Functional reactive programming adoption is not something caused by the state of one particular stack; as it is also being adopted by game engines, big data analysis tools, development environments like web notebooks, etc. People throughout the industry are seeing the value and are simplifying their tools thanks to the paradigm.

> Functional programming claims to have abstractions that make the latter more simple than imperative programming, which may or may not be true.

Look, I get it, I really do. You don't see the possibilities of the functional paradigm and don't know how and where to use it effectively, so you keep criticizing the small part of it you do understand. I've been there, done that (though it was a long time ago).

With that attitude you can stay comfortably in a corner and be impervious to the changes the industry is undergoing, and miss out on a really cool programming style out of prejudice. Or you can accept the intellectual challenge (which it certainly is, especially for someone who has spent his entire career with a single style), and know concepts that those who learn them agree that they improve their programming even if they do not adopt them 100% for their work.

It's up to you. I don't gain anything with this, so I will not try to convince you of it.


>> Functional programming that introduces or models state requires more abstraction, and then complexity.

> I'm pretty sure I've said exactly that. Good thing we agree on it.

I strongly disagree with the complexity part of this statement. Yes, FP is in many ways "more abstract", but so is natural human thought. More abstraction is not the same as more complexity (except when the abstractions are inappropriate in a given situation), does not lead to more complexity, and the FP approach to state is objectively simpler in most* real-life scenarios.

[*] as always, exceptions do apply.


I don't believe in zero cost abstractions. All abstractions have a cost of being understood and implemented. x = x + 1 is simpler than world = worldupdate(world(increment(x)).


Abstractions exist in our brains. They are costly when they are unfamiliar (requiring learning) or when they are inappropriate (the product of incompetence and causing pain for everyone). Sometimes they are exactly as costly as they should be, reflecting the inherent and essential complexity of the problem, which is ideal. Inappropriate can mean either “too little” or “not enough”… but more accurately, it just means “the wrong abstraction”. Making everything a class, or treating everything like a Turing tape, is also creating mountains of almost-certainly inappropriate abstractions, in most (but not all) cases.

This is very handwavy, because i’m speaking in very general terms. But for a single, narrow, non-general, concrete example, just look at the ORM impedence mismatch problem with OOP languages. AFAIK, after 40-some years it’s still unsolved. I don’t believe FP suffers from this specific problem (again, just to give a concrete and non-handwavy example), because FP is very analogous to relational programming (functions are a special case of relations).
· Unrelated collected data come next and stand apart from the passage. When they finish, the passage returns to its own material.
lemma lattice_bounded_distance: "\<exists>R. \<forall>x. \<exists>l\<in>L. norm (x - l) \<le> R"
proof -
  obtain T :: "real^'n \<Rightarrow> real^'n" where T: "linear T" "inj T" "L = T ` {t. \<forall>i. t$i \<in> \<int>}"
    using L by (rule full_rank_lattice_linear_image)
  obtain K where K: "\<And>v. norm (T v) \<le> K * norm v" "0 < K"
    using linear_bounded_pos[OF T(1)] by blast
  have "\<exists>l\<in>L. norm (x - l) \<le> K * CARD('n)" for x
  proof -
    obtain t where x: "x = T t"
      using T(1,2) linear_injective_imp_surjective by (metis surjD)
    define s :: "real^'n" where "s = (\<chi> i. of_int \<lfloor>t$i\<rfloor>)"
    have "T s \<in> L"
      by (auto simp: T(3) s_def)
    have "norm (t - s) \<le> (\<Sum>i\<in>UNIV. \<bar>(t - s)$i\<bar>)"
      by (rule norm_le_l1_cart)
    also have "\<dots> \<le> (\<Sum>i\<in>(UNIV::'n set). 1)"
      by (intro sum_mono) (simp add: s_def; linarith)
    finally have "norm (x - T s) \<le> K * CARD('n)"
      using K by (simp add: x linear_diff[OF T(1), symmetric]) (meson mult_left_mono order_trans less_imp_le)
    with \<open>T s \<in> L\<close> show ?thesis
      by blast
  qed
  then show ?thesis
    by blast
qed

lemma closed_lattice: "closed L"
  unfolding closed_limpt
proof (intro allI impI)
  fix x assume "x islimpt L"
  then have "infinite (L \<inter> ball x 1)"
    by (simp add: islimpt_eq_infinite_ball)
  then show "x \<in> L"
    using finite_lattice_Int_bounded[of "ball x 1"] by simp
qed

lemma nearest_lattice_point:
  obtains l where "l \<in> L" "\<And>m. m \<in> L \<Longrightarrow> norm (x - l) \<le> norm (x - m)"
    and "norm (x - l) \<le> covering_radius L"
proof -
  obtain l where l: "l \<in> L" "\<And>m. m \<in> L \<Longrightarrow> norm (x - l) \<le> norm (x - m)"
    using distance_attains_inf[OF closed_lattice, of x] lattice_zero by (auto simp: dist_norm)
  obtain R where R: "\<And>y. \<exists>m\<in>L. norm (y - m) \<le> R"
    using lattice_bounded_distance by blast
  have bdd: "bdd_below ((\<lambda>m. norm (y - m)) ` L)" for y
    by (rule bdd_belowI2[of _ 0]) simp
  have "(INF m\<in>L. norm (y - m)) \<le> R" for y
  proof -
    obtain m where "m \<in> L" "norm (y - m) \<le> R"
      using R by blast
    then show ?thesis
      by (rule cINF_lower2[OF bdd])
  qed
  then have bdd_radius: "bdd_above (range (\<lambda>y. INF m\<in>L. norm (y - m)))"
    by (intro bdd_aboveI2)
  have "norm (x - l) \<le> (INF m\<in>L. norm (x - m))"
    using l lattice_zero by (intro cINF_greatest) auto
  also have "\<dots> \<le> covering_radius L"
    unfolding covering_radius_def by (rule cSUP_upper[OF UNIV_I bdd_radius])
  finally show thesis
    using that l by blast
qed

lemma lattice_neq_UNIV: "L \<noteq> UNIV"
proof
  assume "L = UNIV"
  then have "finite (ball (0::real^'n) 1)"
    using finite_lattice_Int_bounded[of "ball 0 1"] by simp
  moreover have "infinite (ball (0::real^'n) 1)"
    using islimpt_UNIV[of "0::real^'n"] by (simp add: islimpt_eq_infinite_ball)
  ultimately show False
    by contradiction
qed

lemma covering_radius_pos: "0 < covering_radius L"
proof -
  obtain x where "x \<notin> L"
    using lattice_neq_UNIV by blast
  moreover obtain l where "l \<in> L" "norm (x - l) \<le> covering_radius L"
    using nearest_lattice_point by blast
  ultimately have "0 < norm (x - l)"
    by auto
  then show ?thesis
    using \<open>norm (x - l) \<le> covering_radius L\<close> by linarith
qed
This shouldn’t be so controversial and should be very intuitive to anyone who spends a bit of time thinking about it. A function is fundamentally a simpler building block than a class. It’s more atomic.


I don't believe an ORM is a zero cost abstraction either. Or most of OOP.

The cost of implementing everything as a function is when one has to contend with the fundamental machine architecture not dealing with everything as a function. This often leads to one of the highest cost abstractions out there, the Monad.


There is no reason to use state at all here, let alone the state of the world. In FP you just do:

    x + 1
Moreover, this example is totally meaningless, because it doesn't feature anything that is different about FP and the imperative style at all.


y = x + 1 is not dealing with state. Supposing there was a desire to have x = x + 1, the simple way of doing this is x = x + 1, and the complicated way is to do world = Increment(x, world).